I’m not a fan of Tomato soup – this recipe was really good. To give it a kick it needed dried pepper flakes or some
Chilies but then I’m a spicy gal.
Soups are risky for packing as lunches so I just used your instructions to roast and we are serving the roast tomato mix chunky and unblended over pasta
This is a family favorite for a good long time now. I decided I should leave a review. This soup is wonderful. Full of great flavors. It’s so filling. I especially love it at the end of summer with the fresh garden tomatoes. But it’s always good.
I have made this multiple times. After blending the soup I add about 1 TBL of basil paste. I also add more red pepper than the recipe calls for because I love the flavor it gives. This soup freezes really well.
I made this tonight as written and it is DELICIOUS! This is a soup with rich, deep flavor.
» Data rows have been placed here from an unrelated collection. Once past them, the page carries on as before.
text \<open>The matrix \<open>Q = \<Sum>j. t j \<cdot> e(j,j)\<close> has zero row sums, since every row factor
  \<open>e_k - e_n\<close> does; it satisfies \<open>p Q = 0\<close>, since \<open>p (e_j - r_j e_n) = p_j - r_j p_n = 0\<close>; and
  its off-diagonal entries are nonpositive when all \<open>t j \<ge> 0\<close>. Hence every term \<open>(-Q)^k / k!\<close>
  with \<open>k \<ge> 1\<close> of the exponential series has zero row sums and is annihilated by \<open>p\<close>, so
  \<open>exp (-Q)\<close> has row sums 1 and invariant vector \<open>p\<close>. For nonnegativity choose \<open>c\<close> with
  \<open>B = -Q + c I \<ge> 0\<close>: then \<open>exp (-Q) = exp (-c) \<cdot> exp B\<close> and \<open>exp B \<ge> 0\<close> termwise.\<close>

lemma mat_pow_Suc_entry:
  fixes A :: "real mat"
  assumes "A \<in> carrier_mat n n" and "a < n" and "b < n"
  shows "(A ^\<^sub>m Suc k) $$ (a, b) = (\<Sum>l<n. (A ^\<^sub>m k) $$ (a, l) * A $$ (l, b))"
  using assms by (simp add: scalar_prod_def lessThan_atLeast0)

lemma binomial_sum_Suc:
  fixes x :: "'a :: comm_ring_1" and F :: "nat \<Rightarrow> 'a"
  shows "(\<Sum>i\<le>k. of_nat (k choose i) * x ^ (k - i) * F (Suc i))
       + (\<Sum>i\<le>k. of_nat (k choose i) * x ^ (Suc k - i) * F i)
       = (\<Sum>i\<le>Suc k. of_nat (Suc k choose i) * x ^ (Suc k - i) * F i)"
proof -
  have "(\<Sum>i\<le>k. of_nat (k choose i) * x ^ (Suc k - i) * F i)
      = (\<Sum>i\<le>Suc k. of_nat (k choose i) * x ^ (Suc k - i) * F i)"
    by (simp add: binomial_eq_0)
  also have "\<dots> = x ^ Suc k * F 0 + (\<Sum>i\<le>k. of_nat (k choose Suc i) * x ^ (k - i) * F (Suc i))"
    by (subst sum.atMost_Suc_shift) simp
  finally have "(\<Sum>i\<le>k. of_nat (k choose i) * x ^ (k - i) * F (Suc i))
       + (\<Sum>i\<le>k. of_nat (k choose i) * x ^ (Suc k - i) * F i)
      = x ^ Suc k * F 0 + (\<Sum>i\<le>k. of_nat (Suc k choose Suc i) * x ^ (k - i) * F (Suc i))"
    by (simp add: sum.distrib[symmetric] algebra_simps)
  also have "\<dots> = (\<Sum>i\<le>Suc k. of_nat (Suc k choose i) * x ^ (Suc k - i) * F i)"
    by (subst sum.atMost_Suc_shift) simp
  finally show ?thesis .
qed
text \<open>Adding to the maps of the fibre over (y, ..., y) a fixed linear map sending the tuple
to (y + t_1, ..., y + t_k) injects the fibre into the fibre over (t_1, ..., t_k), for every
one of the n^k targets.\<close>

lemma card_fiber_mult_le:
  assumes indep: "indep_list vs" and "set vs \<subseteq> F2vec d" and "y \<in> F2vec l"
  shows "card {h\<in>linmaps d l. \<forall>v\<in>set vs. h v = y} * (2 ^ l) ^ length vs
           \<le> card (linmaps d l)"
proof -
  let ?L = "linmaps d l"
  let ?fiber = "{h\<in>?L. \<forall>v\<in>set vs. h v = y}"
  let ?targets = "set vs \<rightarrow>\<^sub>E F2vec l"
  define shift where
    "shift t = (SOME g. g \<in> ?L \<and> (\<forall>v\<in>set vs. g v = vadd y (t v)))" for t
  have shift: "shift t \<in> ?L \<and> (\<forall>v\<in>set vs. shift t v = vadd y (t v))" if "t \<in> ?targets" for t
  proof -
    have "\<exists>g\<in>?L. \<forall>v\<in>set vs. g v = vadd y (t v)"
      using assms that by (intro linmaps_extend) (auto simp: indep_list_def PiE_iff)
    then show ?thesis unfolding shift_def by (rule someI2_bex) blast
  qed
  let ?move = "\<lambda>(h, t) x. vadd (h x) (shift t x)"
  have moved: "?move (h, t) v = t v"
    if "\<forall>v\<in>set vs. h v = y" "t \<in> ?targets" "v \<in> set vs" for h t v
    using that shift by simp
  have "inj_on ?move (?fiber \<times> ?targets)"
  proof (rule inj_onI)
    fix p p' assume "p \<in> ?fiber \<times> ?targets" "p' \<in> ?fiber \<times> ?targets"
      and eq: "?move p = ?move p'"
    then obtain h t h' t' where p: "p = (h, t)" "p' = (h', t')"
      and h: "\<forall>v\<in>set vs. h v = y" and t: "t \<in> ?targets"
      and h': "\<forall>v\<in>set vs. h' v = y" and t': "t' \<in> ?targets"
      by (cases p, cases p') auto
    have "t v = t' v" if "v \<in> set vs" for v
      using moved[OF h t that] moved[OF h' t' that] fun_cong[OF eq, of v] p by simp
    with t t' have "t = t'" by (rule PiE_ext)
    have "h x = h' x" for x
    proof -
      have "h x = vadd (?move (h, t) x) (shift t x)" by simp
      also have "\<dots> = vadd (?move (h', t') x) (shift t' x)" using eq p \<open>t = t'\<close> by simp
      also have "\<dots> = h' x" by simp
      finally show ?thesis .
    qed
    with p \<open>t = t'\<close> show "p = p'" by auto
  qed
  moreover have "?move ` (?fiber \<times> ?targets) \<subseteq> ?L"
    using shift linmaps_add by auto
  ultimately have "card (?fiber \<times> ?targets) \<le> card ?L"
    using finite_linmaps by (rule card_inj_on_le)
  moreover have "card ?targets = (2 ^ l) ^ length vs"
    using indep by (simp add: card_PiE card_F2vec indep_list_def distinct_card)
  ultimately show ?thesis by (simp add: card_cartesian_product)
qed
(* Let $q=1-p=o\!\left(\frac1n\right)$ and $qn^{1.5}\to\infty$ as $n\to\infty$. Then for all sufficiently large $n\in\mathbb{N}$ we have $u_2(n,p)=u_2'(n,p)=4$.
   Context: $G(n,p)$ is the Erdős–Rényi random graph on $n$ labelled vertices (vertex set $V$), each edge present independently with probability $p=p(n)$; $\mathbb{P}_{n,p}$ is the corresponding probability and $q=1-p$. A diameter graph in $\mathbb{R}^d$ is a graph $(V,E)$ with $V\subset\mathbb{R}^d$ finite and $E=\{\{\mathbf{x},\mathbf{y}\}\subseteq V: |\mathbf{x}-\mathbf{y}|=\operatorname{diam}V\}$, where $\operatorname{diam}V=\max_{\mathbf{x},\mathbf{y}\in V}|\mathbf{x}-\mathbf{y}|$ (Euclidean norm); a graph is a diameter graph in $\mathbb{R}^d$ if it is isomorphic to one. $u_d(n,p)$ is the largest positive integer $k$ such that $\mathbb{P}_{n,p}\big(\exists W\subseteq V,\ |W|=k,\ G[W]$ is a diameter graph in $\mathbb{R}^d$ and $\chi(G[W])=d+1\big)>\frac12$, where $G[W]$ is the induced subgraph; if no such $k$ exists, $u_d(n,p)=0$. $u_d'(n,p)$ is defined identically with the additional requirement that $G[W]$ be connected. *)

theory Defs
  imports "HOL-Analysis.Analysis" "HOL-Library.Landau_Symbols"
begin

text \<open>Vertex set of G(n,p) is {0..<n}; a graph is given by its edge set,
  a set of 2-element subsets of {0..<n}.\<close>

definition all_edges :: "nat \<Rightarrow> nat set set" where
  "all_edges n = {{i, j} | i j. i < n \<and> j < n \<and> i \<noteq> j}"

definition prob_Gnp :: "nat \<Rightarrow> real \<Rightarrow> (nat set set \<Rightarrow> bool) \<Rightarrow> real" where
  "prob_Gnp n p A =
     (\<Sum>E\<in>{E. E \<subseteq> all_edges n \<and> A E}.
        p ^ card E * (1 - p) ^ (card (all_edges n) - card E))"

definition induced_edges :: "nat set set \<Rightarrow> nat set \<Rightarrow> nat set set" where
  "induced_edges E W = {e \<in> E. e \<subseteq> W}"

text \<open>Euclidean distance in R^d, points represented by their first d coordinates.\<close>
definition edist :: "nat \<Rightarrow> (nat \<Rightarrow> real) \<Rightarrow> (nat \<Rightarrow> real) \<Rightarrow> real" where
  "edist d x y = sqrt (\<Sum>i<d. (x i - y i)^2)"

definition is_diameter_graph :: "nat \<Rightarrow> 'v set \<Rightarrow> 'v set set \<Rightarrow> bool" where
  "is_diameter_graph d W F \<longleftrightarrow> finite W \<and> W \<noteq> {} \<and>
     (\<exists>f :: 'v \<Rightarrow> (nat \<Rightarrow> real).
        (\<forall>u\<in>W. \<forall>v\<in>W. u \<noteq> v \<longrightarrow> edist d (f u) (f v) \<noteq> 0) \<and>
        F = {{u, v} | u v. u \<in> W \<and> v \<in> W \<and> u \<noteq> v \<and>
               edist d (f u) (f v) = Max ((\<lambda>(a, b). edist d (f a) (f b)) ` (W \<times> W))})"

definition chromatic_number :: "'v set \<Rightarrow> 'v set set \<Rightarrow> nat" where
  "chromatic_number W F = (LEAST k. \<exists>c :: 'v \<Rightarrow> nat.
      (\<forall>v\<in>W. c v < k) \<and> (\<forall>u\<in>W. \<forall>v\<in>W. u \<noteq> v \<and> {u, v} \<in> F \<longrightarrow> c u \<noteq> c v))"

definition graph_connected :: "'v set \<Rightarrow> 'v set set \<Rightarrow> bool" where
  "graph_connected W F \<longleftrightarrow>
     (\<forall>u\<in>W. \<forall>v\<in>W. (\<lambda>a b. a \<in> W \<and> b \<in> W \<and> a \<noteq> b \<and> {a, b} \<in> F)\<^sup>*\<^sup>* u v)"

definition good_set :: "nat \<Rightarrow> nat set set \<Rightarrow> nat set \<Rightarrow> bool" where
  "good_set d E W \<longleftrightarrow> is_diameter_graph d W (induced_edges E W) \<and>
      chromatic_number W (induced_edges E W) = d + 1"

definition u_d :: "nat \<Rightarrow> nat \<Rightarrow> real \<Rightarrow> nat" where
  "u_d d n p =
     (let P = (\<lambda>k. 0 < k \<and> prob_Gnp n p (\<lambda>E. \<exists>W \<subseteq> {0..<n}. card W = k \<and> good_set d E W) > 1/2)
      in if \<exists>k. P k then GREATEST k. P k else 0)"

definition u_d' :: "nat \<Rightarrow> nat \<Rightarrow> real \<Rightarrow> nat" where
  "u_d' d n p =
     (let P = (\<lambda>k. 0 < k \<and> prob_Gnp n p (\<lambda>E. \<exists>W \<subseteq> {0..<n}. card W = k \<and> good_set d E W
                     \<and> graph_connected W (induced_edges E W)) > 1/2)
      in if \<exists>k. P k then GREATEST k. P k else 0)"

end

theory Submission
  imports Defs
begin

text \<open>In the plane a diameter graph contains no 4-cycle: four points at diameter distance along
  a cycle would form a rhombus whose diagonals are at most its side, contradicting the
  parallelogram law. When \<open>q = o(1/n)\<close> the complement of \<open>G(n,p)\<close> a.a.s.\ has no cycle of
  length 3, 4 or 5, and then any five vertices of \<open>G\<close> span a 4-cycle, so no induced diameter
  graph has five vertices. Conversely, when \<open>q n\<^sup>3\<^sup>/\<^sup>2 \<rightarrow> \<infinity>\<close> some vertex \<open>v\<close> a.a.s.\ has two
  non-neighbours \<open>a, c\<close>; these are adjacent (no complementary triangle), and since every vertex
  has fewer than \<open>n/4\<close> non-neighbours, \<open>v, a, c\<close> have a common neighbour \<open>d\<close>. The resulting
  paw (triangle \<open>acd\<close> with pendant edge \<open>dv\<close>) is realised by a unit equilateral triangle and a
  point at unit distance from \<open>d\<close> that is closer to \<open>a\<close> and \<open>c\<close>; it is connected and
  3-chromatic.\<close>

section \<open>Independent coins on a finite set\<close>

definition bernoulli_weight :: "real \<Rightarrow> 'a set \<Rightarrow> 'a set \<Rightarrow> real" where
  "bernoulli_weight p U E = p ^ card E * (1 - p) ^ card (U - E)"

definition coin_prob :: "real \<Rightarrow> 'a set \<Rightarrow> ('a set \<Rightarrow> bool) \<Rightarrow> real" where
  "coin_prob p U A = (\<Sum>E\<in>Pow U. bernoulli_weight p U E * (if A E then 1 else 0))"

lemma bernoulli_weight_Un:
  assumes "finite U1" "finite U2" "U1 \<inter> U2 = {}" "A \<subseteq> U1" "B \<subseteq> U2"
  shows "bernoulli_weight p (U1 \<union> U2) (A \<union> B) = bernoulli_weight p U1 A * bernoulli_weight p U2 B"
proof -
  have "finite A" "finite B" using assms(1,2,4,5) finite_subset by blast+
  then have "card (A \<union> B) = card A + card B"
    using assms by (intro card_Un_disjoint) auto
  moreover have "(U1 \<union> U2) - (A \<union> B) = (U1 - A) \<union> (U2 - B)" using assms by auto
  moreover have "card ((U1 - A) \<union> (U2 - B)) = card (U1 - A) + card (U2 - B)"
    using assms by (intro card_Un_disjoint) auto
  ultimately show ?thesis unfolding bernoulli_weight_def by (simp add: power_add algebra_simps)
qed

lemma bij_betw_Un_Pow_Times:
  assumes "U1 \<inter> U2 = {}"
  shows "bij_betw (\<lambda>(A, B). A \<union> B) (Pow U1 \<times> Pow U2) (Pow (U1 \<union> U2))"
  by (rule bij_betwI[where g = "\<lambda>E. (E \<inter> U1, E \<inter> U2)"]) (use assms in auto)

lemma sum_Pow_Un_bernoulli_weight:
  assumes "finite U1" "finite U2" "U1 \<inter> U2 = {}"
  shows "(\<Sum>E\<in>Pow (U1 \<union> U2). bernoulli_weight p (U1 \<union> U2) E * f (E \<inter> U1) * g (E \<inter> U2))
       = (\<Sum>E\<in>Pow U1. bernoulli_weight p U1 E * f E) * (\<Sum>E\<in>Pow U2. bernoulli_weight p U2 E * g E)"
proof -
  define h where "h E = bernoulli_weight p (U1 \<union> U2) E * f (E \<inter> U1) * g (E \<inter> U2)" for E
  have h_Un: "h (A \<union> B) = (bernoulli_weight p U1 A * f A) * (bernoulli_weight p U2 B * g B)"
    if "A \<subseteq> U1" "B \<subseteq> U2" for A B
  proof -
    have "(A \<union> B) \<inter> U1 = A" "(A \<union> B) \<inter> U2 = B" using that assms(3) by auto
    then show ?thesis unfolding h_def using bernoulli_weight_Un[OF assms that] by simp
  qed
  have "(\<Sum>E\<in>Pow (U1 \<union> U2). h E) = (\<Sum>(A, B)\<in>Pow U1 \<times> Pow U2. h (A \<union> B))"
    using sum.reindex_bij_betw[OF bij_betw_Un_Pow_Times[OF assms(3)], of h]
    by (simp add: case_prod_unfold)
  also have "\<dots> = (\<Sum>A\<in>Pow U1. \<Sum>B\<in>Pow U2. h (A \<union> B))"
    by (rule sum.cartesian_product[symmetric])
  also have "\<dots> = (\<Sum>A\<in>Pow U1. \<Sum>B\<in>Pow U2. (bernoulli_weight p U1 A * f A) * (bernoulli_weight p U2 B * g B))"
    by (simp add: h_Un)
  finally show ?thesis unfolding h_def by (simp add: sum_product)
qed

lemma sum_bernoulli_weight:
  assumes "finite U"
  shows "(\<Sum>E\<in>Pow U. bernoulli_weight p U E) = 1"
proof -
  have "(\<Prod>x\<in>U. p + (1 - p)) = (\<Sum>X\<in>Pow U. (\<Prod>x\<in>X. p) * (\<Prod>x\<in>U - X. 1 - p))"
    by (rule prod_add[OF assms])
  then show ?thesis unfolding bernoulli_weight_def by simp
qed

lemma coin_prob_nonneg: "0 \<le> p \<Longrightarrow> p \<le> 1 \<Longrightarrow> 0 \<le> coin_prob p U A"
  unfolding coin_prob_def bernoulli_weight_def by (intro sum_nonneg) simp

lemma coin_prob_mono:
  assumes "0 \<le> p" "p \<le> 1" "\<And>E. E \<subseteq> U \<Longrightarrow> A E \<Longrightarrow> B E"
  shows "coin_prob p U A \<le> coin_prob p U B"
  unfolding coin_prob_def bernoulli_weight_def using assms by (intro sum_mono) auto

lemma coin_prob_Not:
  assumes "finite U"
  shows "coin_prob p U (\<lambda>E. \<not> A E) = 1 - coin_prob p U A"
proof -
  have "coin_prob p U (\<lambda>E. \<not> A E) + coin_prob p U A = (\<Sum>E\<in>Pow U. bernoulli_weight p U E)"
    unfolding coin_prob_def sum.distrib[symmetric] by (intro sum.cong) auto
  then show ?thesis using sum_bernoulli_weight[OF assms] by simp
qed

lemma coin_prob_disj:
  "coin_prob p U (\<lambda>E. A E \<or> B E) = coin_prob p U A + coin_prob p U B - coin_prob p U (\<lambda>E. A E \<and> B E)"
  unfolding coin_prob_def sum.distrib[symmetric] sum_subtractf[symmetric] by (intro sum.cong) auto

lemma coin_prob_disj_le:
  assumes "0 \<le> p" "p \<le> 1"
  shows "coin_prob p U (\<lambda>E. A E \<or> B E) \<le> coin_prob p U A + coin_prob p U B"
  using coin_prob_disj[of p U A B] coin_prob_nonneg[OF assms, of U "\<lambda>E. A E \<and> B E"] by linarith

lemma coin_prob_Bex_le:
  assumes "0 \<le> p" "p \<le> 1" "finite I"
  shows "coin_prob p U (\<lambda>E. \<exists>i\<in>I. A i E) \<le> (\<Sum>i\<in>I. coin_prob p U (A i))"
  using assms(3)
proof (induction I rule: finite_induct)
  case empty
  then show ?case unfolding coin_prob_def by simp
next
  case (insert x F)
  have "coin_prob p U (\<lambda>E. \<exists>i\<in>insert x F. A i E) = coin_prob p U (\<lambda>E. A x E \<or> (\<exists>i\<in>F. A i E))"
    by simp
  also have "\<dots> \<le> coin_prob p U (A x) + coin_prob p U (\<lambda>E. \<exists>i\<in>F. A i E)"
    by (rule coin_prob_disj_le[OF assms(1,2)])
  finally show ?case using insert by simp
qed

lemma coin_prob_restrict:
  assumes "finite U" "S \<subseteq> U" "\<And>E. E \<subseteq> U \<Longrightarrow> A E = A (E \<inter> S)"
  shows "coin_prob p U A = coin_prob p S A"
proof -
  have fS: "finite S" using assms finite_subset by auto
  have US: "S \<union> (U - S) = U" using assms by auto
  have "coin_prob p U A = (\<Sum>E\<in>Pow (S \<union> (U - S)).
      bernoulli_weight p (S \<union> (U - S)) E * (if A (E \<inter> S) then 1 else 0) * (\<lambda>_. 1) (E \<inter> (U - S)))"
    unfolding coin_prob_def US using assms(3) by (intro sum.cong) auto
  also have "\<dots> = coin_prob p S A"
    unfolding coin_prob_def using fS assms
    by (subst sum_Pow_Un_bernoulli_weight) (auto intro!: sum.cong simp: sum_bernoulli_weight)
  finally show ?thesis .
qed

lemma coin_prob_superset:
  assumes "finite U" "S \<subseteq> U"
  shows "coin_prob p U (\<lambda>E. S \<subseteq> E) = p ^ card S"
proof -
  have "coin_prob p U (\<lambda>E. S \<subseteq> E) = coin_prob p S (\<lambda>E. S \<subseteq> E)"
    by (rule coin_prob_restrict[OF assms]) auto
  also have "\<dots> = (\<Sum>E\<in>Pow S. if E = S then bernoulli_weight p S S else 0)"
    unfolding coin_prob_def by (intro sum.cong) auto
  finally show ?thesis using finite_subset[OF assms(2,1)] unfolding bernoulli_weight_def by simp
qed

lemma coin_prob_superset_disj:
  assumes "finite S1" "finite S2" "S1 \<inter> S2 = {}" "card S1 = m" "card S2 = m"
  shows "coin_prob p (S1 \<union> S2) (\<lambda>E. S1 \<subseteq> E \<or> S2 \<subseteq> E) = 1 - (1 - p ^ m)\<^sup>2"
proof -
  have fin: "finite (S1 \<union> S2)" using assms(1,2) by simp
  have "card (S1 \<union> S2) = 2 * m" using assms by (simp add: card_Un_disjoint)
  then have "coin_prob p (S1 \<union> S2) (\<lambda>E. S1 \<subseteq> E \<or> S2 \<subseteq> E) = p ^ m + p ^ m - p ^ (2 * m)"
    unfolding coin_prob_disj
    using coin_prob_superset[OF fin, of S1 p] coin_prob_superset[OF fin, of S2 p]
      coin_prob_superset[OF fin, of "S1 \<union> S2" p] assms(4,5) by simp
  also have "\<dots> = 1 - (1 - p ^ m)\<^sup>2" by (simp add: power2_eq_square power_mult algebra_simps)
  finally show ?thesis .
qed

lemma coin_prob_avoid:
  assumes "finite U" "S \<subseteq> U"
  shows "coin_prob p U (\<lambda>E. \<forall>e\<in>S. e \<notin> E) = (1 - p) ^ card S"
proof -
  have "coin_prob p U (\<lambda>E. \<forall>e\<in>S. e \<notin> E) = coin_prob p S (\<lambda>E. \<forall>e\<in>S. e \<notin> E)"
    by (rule coin_prob_restrict[OF assms]) auto
  also have "\<dots> = (\<Sum>E\<in>Pow S. if E = {} then bernoulli_weight p S {} else 0)"
    unfolding coin_prob_def by (intro sum.cong) auto
  finally show ?thesis using finite_subset[OF assms(2,1)] unfolding bernoulli_weight_def by simp
qed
After removing the pan from the oven, I put everything in my blender, so velvety. The hubby loved it. This will be our go-to tomato soup.
Delicious! I forgot to add the parmesan, but it didn’t need it. I used Roma tomatoes, and fresh thyme and basil. Even the fact that I disturbed a rather large spider who was minding its own business, chilling in its web when I bumbled through it on my way to collect basil, didn’t detract from the delectable taste of this soup.
Great recipe! Thank u
So easy and delicious. I used sweet angel variety of tomatoes. Honestly best tomato soup I have ever had!
Thank you so much for posting this recipe. It was the best tomato soup I’ve ever had. I have a feeling it could be gazpacho soup too, with a little hint of line. I only had 4 tomatoes which amounted to about a pound so I just eyeballed the rest of the ingredients. Yummy, creamy, delicious!